What is needed is an exact copy of the lines in the listing below, from the one with "then show ?thesis unfolding fls_times_nth(2)" up to and including the one with "by (rule laurent_loc_intro[of f", with no other lines.
○ ○ ○ ○ ○
lemma (in prob_space) indep_sum_tail_le:
  fixes W :: "'i \<Rightarrow> 'a \<Rightarrow> real" and c \<alpha> \<theta>0 T K x :: real
  assumes "finite I" and W[measurable]: "\<And>i. i \<in> I \<Longrightarrow> W i \<in> borel_measurable M"
    and indep: "indep_vars (\<lambda>_. borel) W I"
    and tail: "\<And>i t. i \<in> I \<Longrightarrow> \<theta>0 < t \<Longrightarrow> prob {\<omega> \<in> space M. t < W i \<omega>} \<le> exp (- c * t powr \<alpha>)"
    and "0 < c" "\<alpha> \<le> 1" and T: "\<theta>0 < T" "0 < T" "T \<le> x"
    and K: "\<And>N. (\<Sum>n<N. T * 2^n * exp (- (c/2) * (T * 2^n) powr \<alpha>)) \<le> K"
    and x: "2 * (T + K) * card I \<le> x"
  shows "prob {\<omega> \<in> space M. x < (\<Sum>i\<in>I. W i \<omega>)}
    \<le> card I * exp (- c * x powr \<alpha>) + exp (- (c/8) * x powr \<alpha>)"
proof -
  define l where "l = c/4 * x powr (\<alpha> - 1)"
  have "0 < l"
    using \<open>0 < c\<close> T by (simp add: l_def)
  have lx: "l * x = c/4 * x powr \<alpha>"
    using T by (simp add: l_def powr_diff)
  have "prob {\<omega> \<in> space M. x < (\<Sum>i\<in>I. W i \<omega>)}
      \<le> (\<Sum>i\<in>I. prob {\<omega> \<in> space M. x < W i \<omega>}) + prob {\<omega> \<in> space M. x \<le> (\<Sum>i\<in>I. min (W i \<omega>) x)}"
    using \<open>finite I\<close> W by (rule prob_sum_gt_le_truncated)
  also have "(\<Sum>i\<in>I. prob {\<omega> \<in> space M. x < W i \<omega>}) \<le> (\<Sum>i\<in>I. exp (- c * x powr \<alpha>))"
    using tail T by (intro sum_mono) auto
  also have "prob {\<omega> \<in> space M. x \<le> (\<Sum>i\<in>I. min (W i \<omega>) x)} \<le> exp (- l * x) * exp (l * (T + K)) ^ card I"
    using \<open>finite I\<close> W indep \<open>0 < l\<close>
  proof (rule indep_truncated_sum_tail_le)
    fix i assume "i \<in> I"
    then show "expectation (\<lambda>\<omega>. exp (l * min (W i \<omega>) x)) \<le> exp (l * (T + K))"
      using \<open>0 < c\<close> \<open>\<alpha> \<le> 1\<close> T K \<open>0 < l\<close>
      by (intro truncated_exp_moment_le[OF W[OF \<open>i \<in> I\<close>] tail[OF \<open>i \<in> I\<close>]]) (auto simp: l_def)
  qed
  also have "exp (- l * x) * exp (l * (T + K)) ^ card I = exp (- l * x + card I * (l * (T + K)))"
    by (simp only: exp_of_nat_mult exp_add)
  also have "\<dots> \<le> exp (- (c/8) * x powr \<alpha>)"
  proof -
    have "l * (card I * (T + K)) \<le> l * (x / 2)"
      using x \<open>0 < l\<close> by (intro mult_left_mono) (auto simp: algebra_simps)
    then show ?thesis
      using lx by (simp add: algebra_simps)
  qed
  finally show ?thesis
    by simp
qed

lemma (in prob_space) indep_scaled_sum_tail_le:
  fixes Y :: "'i \<Rightarrow> 'a \<Rightarrow> real" and c \<alpha> \<theta>0 T K s x :: real
  assumes "finite I" "0 < s" and Y: "\<And>i. i \<in> I \<Longrightarrow> Y i \<in> borel_measurable M"
    and indep: "indep_vars (\<lambda>_. borel) Y I"
    and tail: "\<And>i t. i \<in> I \<Longrightarrow> \<theta>0 < t \<Longrightarrow> prob {\<omega> \<in> space M. t * s < Y i \<omega>} \<le> exp (- c * t powr \<alpha>)"
    and "0 < c" "\<alpha> \<le> 1" and T: "\<theta>0 < T" "0 < T" "T \<le> x"
    and K: "\<And>N. (\<Sum>n<N. T * 2^n * exp (- (c/2) * (T * 2^n) powr \<alpha>)) \<le> K"
    and x: "2 * (T + K) * card I \<le> x"
  shows "prob {\<omega> \<in> space M. x * s < (\<Sum>i\<in>I. Y i \<omega>)}
    \<le> card I * exp (- c * x powr \<alpha>) + exp (- (c/8) * x powr \<alpha>)"
proof -
  define W where "W i \<omega> = Y i \<omega> / s" for i \<omega>
  have W: "W i \<in> borel_measurable M" if "i \<in> I" for i
    using Y[OF that] unfolding W_def by measurable
  have "indep_vars (\<lambda>_. borel) (\<lambda>i \<omega>. (\<lambda>y. y / s) (Y i \<omega>)) I"
    using indep by (rule indep_vars_compose2) measurable
  then have W_indep: "indep_vars (\<lambda>_. borel) W I"
    by (simp add: W_def[abs_def])
  have rescale: "{\<omega> \<in> space M. t * s < Y i \<omega>} = {\<omega> \<in> space M. t < W i \<omega>}" for i t
    using \<open>0 < s\<close> by (auto simp: W_def pos_less_divide_eq)
  have "{\<omega> \<in> space M. x * s < (\<Sum>i\<in>I. Y i \<omega>)} = {\<omega> \<in> space M. x < (\<Sum>i\<in>I. W i \<omega>)}"
    using \<open>0 < s\<close> by (auto simp: W_def pos_less_divide_eq simp flip: sum_divide_distrib)
  also have "prob \<dots> \<le> card I * exp (- c * x powr \<alpha>) + exp (- (c/8) * x powr \<alpha>)"
    using assms W W_indep tail by (intro indep_sum_tail_le[where T = T and K = K]) (auto simp: rescale)
  finally show ?thesis .
qed

lemma summable_dyadic_stretched_exp:
  fixes a b T :: real
  assumes "0 < a" "0 < b" "0 < T"
  shows "summable (\<lambda>n. T * 2^n * exp (- a * (T * 2^n) powr b))"
proof (rule summable_comparison_test_bigo)
  show "summable (\<lambda>n. norm ((1/2 :: real) ^ n))"
    by simp
  show "(\<lambda>n. T * 2^n * exp (- a * (T * 2^n) powr b)) \<in> O(\<lambda>n. (1/2) ^ n)"
    using assms by real_asymp
qed
(* The map $\phi:\mathcal{B}\to\mathrm{GL}(2,\mathbb{Z}[t,t^{-1},(1+t)^{-1}])$ is an injective group homomorphism satisfying $\det\phi(A)=\det A$ for all $A\in\mathcal{B}$.
   Context: For a matrix $A$ with Laurent polynomial entries, $\overline{A}$ denotes the matrix obtained by substituting $t\mapsto t^{-1}$ in every entry. Let $J_3=\begin{pmatrix}1&-t^{-1}&-t^{-1}\\-t&1&-t^{-1}\\-t&-t&1\end{pmatrix}$, $v=(t,t^2,t^3)$ (a row vector) and $\vec{1}=(1,1,1)^T$. The formal Burau group is $\mathcal{B}=\{A\in\mathrm{GL}(3,\mathbb{Z}[t,t^{-1}]) : vA=v,\ A\vec 1=\vec 1,\ \overline{A}J_3A^T=J_3\}$. For $A=(A_{ij})\in\mathcal{B}$ put, for $k=1,2$, $f_{k1}=A_{k1}(1+t+t^2)-1$, $f_{k2}=A_{k1}+A_{k2}(1+t)-1$, and $g_{kl}=f_{kl}/(t(1+t))$. Define $\phi(A)=\begin{pmatrix}g_{11}&g_{12}\\ t^{-1}g_{11}+(1+t)g_{21}& t^{-1}g_{12}+(1+t)g_{22}\end{pmatrix}$. *)

theory Defs
  imports "HOL-Analysis.Analysis" "HOL-Computational_Algebra.Formal_Laurent_Series"
begin

text \<open>The ring Z[t,t^-1] is the subring of integer-coefficient, finitely supported series;
  Z[t,t^-1,(1+t)^-1] is obtained by additionally inverting 1+t.\<close>

type_synonym K = "rat fls"

definition tt :: K where "tt = fls_X"

definition laurent :: "K set" where
  "laurent = {f. finite {n. fls_nth f n \<noteq> 0} \<and> (\<forall>n. fls_nth f n \<in> \<int>)}"

definition laurent_loc :: "K set" where
  "laurent_loc = {p * inverse ((1 + tt) ^ m) | p m. p \<in> laurent}"

text \<open>Bar involution t \<mapsto> t^-1 (meaningful on Laurent polynomials).\<close>
definition bar :: "K \<Rightarrow> K" where
  "bar f = Abs_fls (\<lambda>n. fls_nth f (- n))"

definition bar_mat :: "K^'n^'m \<Rightarrow> K^'n^'m" where
  "bar_mat A = (\<chi> i j. bar (A $ i $ j))"

definition GL_over :: "K set \<Rightarrow> (K^'n^'n) set" where
  "GL_over S = {A. (\<forall>i j. A $ i $ j \<in> S) \<and>
      (\<exists>B. (\<forall>i j. B $ i $ j \<in> S) \<and> A ** B = mat 1 \<and> B ** A = mat 1)}"

definition J3 :: "K^3^3" where
  "J3 = vector [vector [1, - inverse tt, - inverse tt],
                vector [- tt, 1, - inverse tt],
                vector [- tt, - tt, 1]]"

definition vrow :: "K^3" where
  "vrow = vector [tt, tt^2, tt^3]"

definition ones3 :: "K^3" where
  "ones3 = vector [1, 1, 1]"

definition burau :: "(K^3^3) set" where
  "burau = {A \<in> GL_over laurent. vrow v* A = vrow \<and> A *v ones3 = ones3 \<and>
                bar_mat A ** J3 ** transpose A = J3}"

definition fk1 :: "K^3^3 \<Rightarrow> 3 \<Rightarrow> K" where
  "fk1 A k = A $ k $ 1 * (1 + tt + tt^2) - 1"

definition fk2 :: "K^3^3 \<Rightarrow> 3 \<Rightarrow> K" where
  "fk2 A k = A $ k $ 1 + A $ k $ 2 * (1 + tt) - 1"

definition g1 :: "K^3^3 \<Rightarrow> 3 \<Rightarrow> K" where
  "g1 A k = fk1 A k / (tt * (1 + tt))"

definition g2 :: "K^3^3 \<Rightarrow> 3 \<Rightarrow> K" where
  "g2 A k = fk2 A k / (tt * (1 + tt))"

definition phi :: "K^3^3 \<Rightarrow> K^2^2" where
  "phi A = vector [vector [g1 A 1, g2 A 1],
                   vector [inverse tt * g1 A 1 + (1 + tt) * g1 A 2,
                           inverse tt * g2 A 1 + (1 + tt) * g2 A 2]]"

end

theory Submission
  imports Defs
begin

text \<open>The conditions \<open>v A = v\<close> and \<open>A 1 = 1\<close> express the third column and the third row of \<open>A\<close>
  affinely through the upper left block \<open>A\<^sub>1\<^sub>1, A\<^sub>1\<^sub>2, A\<^sub>2\<^sub>1, A\<^sub>2\<^sub>2\<close>. The entries of \<open>\<phi>(A)\<close> are affine
  in that block with coefficients built from the nonzero series \<open>t\<close>, \<open>1 + t\<close> and \<open>1 + t + t\<^sup>2\<close>,
  so \<open>\<phi>\<close> is injective, and multiplicativity and \<open>det \<phi>(A) = det A\<close> become rational identities in
  the free entries. Since \<open>\<phi>\<close> divides only by \<open>t(1 + t)\<close>, it takes values in \<open>\<int>[t, t\<^sup>-\<^sup>1, (1 + t)\<^sup>-\<^sup>1]\<close>.\<close>

lemma laurent_iff:
  "f \<in> laurent \<longleftrightarrow> (\<exists>N. \<forall>n>N. fls_nth f n = 0) \<and> (\<forall>n. fls_nth f n \<in> \<int>)"
proof
  assume "f \<in> laurent"
  then have fin: "finite {n. fls_nth f n \<noteq> 0}" and ints: "\<forall>n. fls_nth f n \<in> \<int>"
    by (auto simp: laurent_def)
  from bdd_above_finite[OF fin] obtain N where "\<forall>n\<in>{n. fls_nth f n \<noteq> 0}. n \<le> N"
    unfolding bdd_above_def by blast
  then have "\<forall>n>N. fls_nth f n = 0" by force
  with ints show "(\<exists>N. \<forall>n>N. fls_nth f n = 0) \<and> (\<forall>n. fls_nth f n \<in> \<int>)" by blast
next
  assume "(\<exists>N. \<forall>n>N. fls_nth f n = 0) \<and> (\<forall>n. fls_nth f n \<in> \<int>)"
  then obtain N where N: "\<forall>n>N. fls_nth f n = 0" and ints: "\<forall>n. fls_nth f n \<in> \<int>" by blast
  have "{n. fls_nth f n \<noteq> 0} \<subseteq> {fls_subdegree f..N}"
    using N fls_eq0_below_subdegree by (force simp: not_less[symmetric])
  then have "finite {n. fls_nth f n \<noteq> 0}" using finite_subset by blast
  with ints show "f \<in> laurent" by (simp add: laurent_def)
qed

lemma laurent_add: "f \<in> laurent \<Longrightarrow> g \<in> laurent \<Longrightarrow> f + g \<in> laurent"
  unfolding laurent_iff by (metis Ints_add add.right_neutral fls_plus_nth max.strict_boundedE)

lemma laurent_uminus: "f \<in> laurent \<Longrightarrow> - f \<in> laurent"
  unfolding laurent_iff by auto

lemma laurent_diff: "f \<in> laurent \<Longrightarrow> g \<in> laurent \<Longrightarrow> f - g \<in> laurent"
  using laurent_add[of f "- g"] laurent_uminus[of g] by simp

lemma laurent_mult:
  assumes "f \<in> laurent" "g \<in> laurent"
  shows "f * g \<in> laurent"
proof -
  obtain N M where N: "\<forall>n>N. fls_nth f n = 0" and M: "\<forall>n>M. fls_nth g n = 0"
    and ints: "\<forall>n. fls_nth f n \<in> \<int>" "\<forall>n. fls_nth g n \<in> \<int>"
    using assms unfolding laurent_iff by blast
  have "fls_nth (f * g) n = 0" if "n > N + M" for n
  proof -
    have "fls_nth f i * fls_nth g (n - i) = 0" for i
      using N M \<open>n > N + M\<close> by (cases "i > N") auto
    then show ?thesis unfolding fls_times_nth(2) by (simp add: sum.neutral)
  qed
  moreover have "\<forall>n. fls_nth (f * g) n \<in> \<int>"
    using ints unfolding fls_times_nth(2) by (intro allI Ints_sum Ints_mult) auto
  ultimately show ?thesis unfolding laurent_iff by blast
qed

lemma laurent_one: "1 \<in> laurent"
  unfolding laurent_iff by (auto intro: exI[of _ 0])

lemma laurent_tt: "tt \<in> laurent"
  unfolding laurent_iff tt_def by (auto intro: exI[of _ 1])

lemma laurent_inverse_tt: "inverse tt \<in> laurent"
  unfolding laurent_iff tt_def fls_inverse_X by (auto intro: exI[of _ 0])

lemma laurent_power: "f \<in> laurent \<Longrightarrow> f ^ n \<in> laurent"
  by (induction n) (auto intro: laurent_mult laurent_one)

lemmas laurent_intros =
  laurent_add laurent_diff laurent_mult laurent_power laurent_one laurent_tt laurent_inverse_tt

lemma tt_nonzero: "tt \<noteq> 0"
  unfolding tt_def by simp

lemma one_plus_tt_nonzero: "1 + tt \<noteq> 0"
proof
  assume "1 + tt = 0"
  then have "fls_nth (1 + tt) 0 = 0" by simp
  then show False unfolding tt_def by simp
qed

lemma one_plus_tt_plus_tt_sq_nonzero: "1 + tt + tt ^ 2 \<noteq> 0"
proof
  assume "1 + tt + tt ^ 2 = 0"
  then have "fls_nth (1 + tt + tt ^ 2) 0 = 0" by simp
  then show False unfolding tt_def by simp
qed

lemma laurent_loc_intro: "p \<in> laurent \<Longrightarrow> f = p * inverse ((1 + tt) ^ m) \<Longrightarrow> f \<in> laurent_loc"
  unfolding laurent_loc_def by blast

lemma laurent_subset_laurent_loc: "f \<in> laurent \<Longrightarrow> f \<in> laurent_loc"
  by (rule laurent_loc_intro[of f _ 0]) simp_all

lemma inverse_one_plus_tt_in_laurent_loc: "inverse (1 + tt) \<in> laurent_loc"
  by (rule laurent_loc_intro[OF laurent_one, of _ 1]) simp

lemma laurent_loc_add:
  assumes "f \<in> laurent_loc" "g \<in> laurent_loc"
  shows "f + g \<in> laurent_loc"
proof -
  obtain p m q k where p: "p \<in> laurent" "f = p * inverse ((1 + tt) ^ m)"
    and q: "q \<in> laurent" "g = q * inverse ((1 + tt) ^ k)"
    using assms unfolding laurent_loc_def by blast
  have "f + g = (p * (1 + tt) ^ k + q * (1 + tt) ^ m) * inverse ((1 + tt) ^ (m + k))"
    using one_plus_tt_nonzero by (simp add: p q power_add field_simps)
  moreover have "p * (1 + tt) ^ k + q * (1 + tt) ^ m \<in> laurent"
    using p q by (intro laurent_intros)
  ultimately show ?thesis by (rule laurent_loc_intro[rotated])
qed

lemma laurent_loc_mult:
  assumes "f \<in> laurent_loc" "g \<in> laurent_loc"
  shows "f * g \<in> laurent_loc"
proof -
  obtain p m q k where p: "p \<in> laurent" "f = p * inverse ((1 + tt) ^ m)"
    and q: "q \<in> laurent" "g = q * inverse ((1 + tt) ^ k)"
    using assms unfolding laurent_loc_def by blast
  have "f * g = (p * q) * inverse ((1 + tt) ^ (m + k))"
    unfolding p q power_add inverse_mult_distrib by (simp only: mult_ac)
  then show ?thesis using p q by (intro laurent_loc_intro[of "p * q"] laurent_mult)
qed

definition stab_v_ones :: "(K^3^3) set" where
  "stab_v_ones = {A. vrow v* A = vrow \<and> A *v ones3 = ones3}"

lemma burau_subset_stab_v_ones: "burau \<subseteq> stab_v_ones"
  unfolding burau_def stab_v_ones_def by blast

lemma stab_v_ones_inverse:
  assumes "A \<in> stab_v_ones" "A ** B = mat 1" "B ** A = mat 1"
  shows "B \<in> stab_v_ones"
proof -
  have "vrow v* B = (vrow v* A) v* B" "B *v ones3 = B *v (A *v ones3)"
    using assms(1) by (simp_all add: stab_v_ones_def)
  then show ?thesis
    using assms(2,3)
    by (simp add: stab_v_ones_def vector_matrix_mul_assoc matrix_vector_mul_assoc)
qed

lemma stab_v_ones_entries:
  fixes A :: "K^3^3"
  assumes "A \<in> stab_v_ones"
  shows "A$1$3 = 1 - A$1$1 - A$1$2" "A$2$3 = 1 - A$2$1 - A$2$2" "A$3$3 = 1 - A$3$1 - A$3$2"
    "A$3$1 = (tt - tt * A$1$1 - tt^2 * A$2$1) * inverse tt ^ 3"
    "A$3$2 = (tt^2 - tt * A$1$2 - tt^2 * A$2$2) * inverse tt ^ 3"
proof -
  have v: "vrow v* A = vrow" and one: "A *v ones3 = ones3"
    using assms by (simp_all add: stab_v_ones_def)
  have ones: "ones3 $ i = 1" for i
    using exhaust_3[of i] by (auto simp: ones3_def)
  have rows: "A$i$1 + A$i$2 + A$i$3 = 1" for i
    using arg_cong[OF one, of "\<lambda>x. x$i"] by (simp add: matrix_vector_mult_def sum_3 ones)
  have cols: "tt * A$1$j + tt^2 * A$2$j + tt^3 * A$3$j = vrow $ j" for j
    using arg_cong[OF v, of "\<lambda>x. x$j"] by (simp add: vector_matrix_mult_def sum_3 vrow_def)
  show "A$1$3 = 1 - A$1$1 - A$1$2" "A$2$3 = 1 - A$2$1 - A$2$2" "A$3$3 = 1 - A$3$1 - A$3$2"
    using rows[of 1] rows[of 2] rows[of 3] by (simp_all add: algebra_simps)
  have "tt ^ 3 \<noteq> 0" using tt_nonzero by simp
  then have "A$3$1 = (tt - tt * A$1$1 - tt^2 * A$2$1) / tt ^ 3"
    "A$3$2 = (tt^2 - tt * A$1$2 - tt^2 * A$2$2) / tt ^ 3"
    using cols[of 1] cols[of 2] by (simp_all add: field_simps vrow_def)
  then show "A$3$1 = (tt - tt * A$1$1 - tt^2 * A$2$1) * inverse tt ^ 3"
    "A$3$2 = (tt^2 - tt * A$1$2 - tt^2 * A$2$2) * inverse tt ^ 3"
    by (simp_all add: divide_inverse power_inverse)
qed

lemma divide_tt_one_plus_tt: "x / (tt * (1 + tt)) = x * inverse tt * inverse (1 + tt)"
  by (simp add: divide_inverse)

lemmas phi_unfold = phi_def g1_def g2_def fk1_def fk2_def divide_tt_one_plus_tt

lemma tt_inverses: "tt * inverse tt = 1" "(1 + tt) * inverse (1 + tt) = 1"
  using tt_nonzero one_plus_tt_nonzero by simp_all

lemma phi_mat_1: "phi (mat 1) = mat 1"
  unfolding vec_eq_iff forall_2 phi_unfold
  using tt_inverses by (simp add: mat_def) algebra+

lemma phi_mult:
  assumes "A \<in> stab_v_ones" "B \<in> stab_v_ones"
  shows "phi (A ** B) = phi A ** phi B"
  unfolding vec_eq_iff forall_2 phi_unfold
  using tt_inverses
  by (simp add: matrix_matrix_mult_def sum_2 sum_3 stab_v_ones_entries[OF assms(1)]
      stab_v_ones_entries[OF assms(2)]) algebra+

lemma det_phi:
  assumes "A \<in> stab_v_ones"
  shows "det (phi A) = det A"
  unfolding det_2 det_3 phi_unfold
  using tt_inverses by (simp add: stab_v_ones_entries[OF assms]) algebra

lemma phi_determines_upper_left_block:
  fixes A B :: "K^3^3"
  assumes "phi A = phi B"
  shows "A$1$1 = B$1$1" "A$1$2 = B$1$2" "A$2$1 = B$2$1" "A$2$2 = B$2$2"
proof -
  have "inverse tt \<noteq> 0" "1 + tt \<noteq> 0" "tt * (1 + tt) \<noteq> 0" "1 + tt + tt^2 \<noteq> 0"
    using tt_nonzero one_plus_tt_nonzero one_plus_tt_plus_tt_sq_nonzero by simp_all
  then have g_eq: "g1 A 1 = g1 B 1" "g1 A 2 = g1 B 2" "g2 A 1 = g2 B 1" "g2 A 2 = g2 B 2"
    using arg_cong[OF assms, of "\<lambda>M :: K^2^2. M$1$1"] arg_cong[OF assms, of "\<lambda>M :: K^2^2. M$1$2"]
      arg_cong[OF assms, of "\<lambda>M :: K^2^2. M$2$1"] arg_cong[OF assms, of "\<lambda>M :: K^2^2. M$2$2"]
    by (auto simp: phi_def)
  show first_col: "A$1$1 = B$1$1" "A$2$1 = B$2$1"
    using g_eq(1,2) \<open>tt * (1 + tt) \<noteq> 0\<close> \<open>1 + tt + tt^2 \<noteq> 0\<close> by (simp_all add: g1_def fk1_def)
  show "A$1$2 = B$1$2" "A$2$2 = B$2$2"
    using g_eq(3,4) first_col \<open>tt * (1 + tt) \<noteq> 0\<close> \<open>1 + tt \<noteq> 0\<close> by (simp_all add: g2_def fk2_def)
qed

lemma inj_on_phi_stab_v_ones: "inj_on phi stab_v_ones"
proof (rule inj_onI)
  fix A B assume A: "A \<in> stab_v_ones" and B: "B \<in> stab_v_ones" and "phi A = phi B"
  note block = phi_determines_upper_left_block[OF \<open>phi A = phi B\<close>]
  show "A = B"
    unfolding vec_eq_iff forall_3
    by (simp add: stab_v_ones_entries[OF A] stab_v_ones_entries[OF B] block)
qed

lemma phi_entries_laurent_loc:
  fixes A :: "K^3^3"
  assumes "\<forall>i j. A$i$j \<in> laurent"
  shows "\<forall>i j. phi A $ i $ j \<in> laurent_loc"
proof -
  have g: "g1 A k \<in> laurent_loc" "g2 A k \<in> laurent_loc" for k
    unfolding g1_def g2_def fk1_def fk2_def divide_tt_one_plus_tt
    by (intro laurent_loc_mult laurent_subset_laurent_loc inverse_one_plus_tt_in_laurent_loc
        laurent_intros assms[rule_format])+
  have "inverse tt * g1 A 1 + (1 + tt) * g1 A 2 \<in> laurent_loc"
       "inverse tt * g2 A 1 + (1 + tt) * g2 A 2 \<in> laurent_loc"
    by (intro laurent_loc_add laurent_loc_mult laurent_subset_laurent_loc laurent_intros g)+
  then show ?thesis unfolding forall_2 phi_def using g by simp
qed

lemma phi_GL_over_laurent_loc:
  fixes A :: "K^3^3"
  assumes "A \<in> stab_v_ones" "A \<in> GL_over laurent"
  shows "phi A \<in> GL_over laurent_loc"
proof -
  obtain B :: "K^3^3" where A_laurent: "\<forall>i j. A$i$j \<in> laurent" and B_laurent: "\<forall>i j. B$i$j \<in> laurent"
    and AB: "A ** B = mat 1" and BA: "B ** A = mat 1"
    using assms(2) unfolding GL_over_def by blast
  have B: "B \<in> stab_v_ones" using stab_v_ones_inverse[OF assms(1) AB BA] .
  have "phi A ** phi B = mat 1" "phi B ** phi A = mat 1"
    using phi_mult[OF assms(1) B] phi_mult[OF B assms(1)] AB BA phi_mat_1 by simp_all
  then show ?thesis
    unfolding GL_over_def
    using phi_entries_laurent_loc[OF A_laurent] phi_entries_laurent_loc[OF B_laurent] by blast
qed

theorem lemma3p4:
  shows "(\<forall>A \<in> burau. phi A \<in> GL_over laurent_loc)
       \<and> (\<forall>A \<in> burau. \<forall>B \<in> burau. phi (A ** B) = phi A ** phi B)
       \<and> inj_on phi burau
       \<and> (\<forall>A \<in> burau. det (phi A) = det A)"
proof (intro conjI ballI)
  fix A assume "A \<in> burau"
  then have A: "A \<in> stab_v_ones" "A \<in> GL_over laurent"
    using burau_subset_stab_v_ones by (auto simp: burau_def)
  show "phi A \<in> GL_over laurent_loc" using phi_GL_over_laurent_loc[OF A] .
  show "det (phi A) = det A" using det_phi[OF A(1)] .
next
  fix A B assume "A \<in> burau" "B \<in> burau"
  then show "phi (A ** B) = phi A ** phi B"
    using burau_subset_stab_v_ones by (intro phi_mult) auto
next
  show "inj_on phi burau"
    by (rule inj_on_subset[OF inj_on_phi_stab_v_ones burau_subset_stab_v_ones])
qed

end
○ ○ ○ ○ ○
• _Exercise result_:
    then show ?thesis unfolding fls_times_nth(2) by (simp add: sum.neutral)
  qed
  moreover have "\<forall>n. fls_nth (f * g) n \<in> \<int>"
    using ints unfolding fls_times_nth(2) by (intro allI Ints_sum Ints_mult) auto
  ultimately show ?thesis unfolding laurent_iff by blast
qed

lemma laurent_one: "1 \<in> laurent"
  unfolding laurent_iff by (auto intro: exI[of _ 0])

lemma laurent_tt: "tt \<in> laurent"
  unfolding laurent_iff tt_def by (auto intro: exI[of _ 1])

lemma laurent_inverse_tt: "inverse tt \<in> laurent"
  unfolding laurent_iff tt_def fls_inverse_X by (auto intro: exI[of _ 0])

lemma laurent_power: "f \<in> laurent \<Longrightarrow> f ^ n \<in> laurent"
  by (induction n) (auto intro: laurent_mult laurent_one)

lemmas laurent_intros =
  laurent_add laurent_diff laurent_mult laurent_power laurent_one laurent_tt laurent_inverse_tt

lemma tt_nonzero: "tt \<noteq> 0"
  unfolding tt_def by simp

lemma one_plus_tt_nonzero: "1 + tt \<noteq> 0"
proof
  assume "1 + tt = 0"
  then have "fls_nth (1 + tt) 0 = 0" by simp
  then show False unfolding tt_def by simp
qed

lemma one_plus_tt_plus_tt_sq_nonzero: "1 + tt + tt ^ 2 \<noteq> 0"
proof
  assume "1 + tt + tt ^ 2 = 0"
  then have "fls_nth (1 + tt + tt ^ 2) 0 = 0" by simp
  then show False unfolding tt_def by simp
qed

lemma laurent_loc_intro: "p \<in> laurent \<Longrightarrow> f = p * inverse ((1 + tt) ^ m) \<Longrightarrow> f \<in> laurent_loc"
  unfolding laurent_loc_def by blast

lemma laurent_subset_laurent_loc: "f \<in> laurent \<Longrightarrow> f \<in> laurent_loc"
  by (rule laurent_loc_intro[of f _ 0]) simp_all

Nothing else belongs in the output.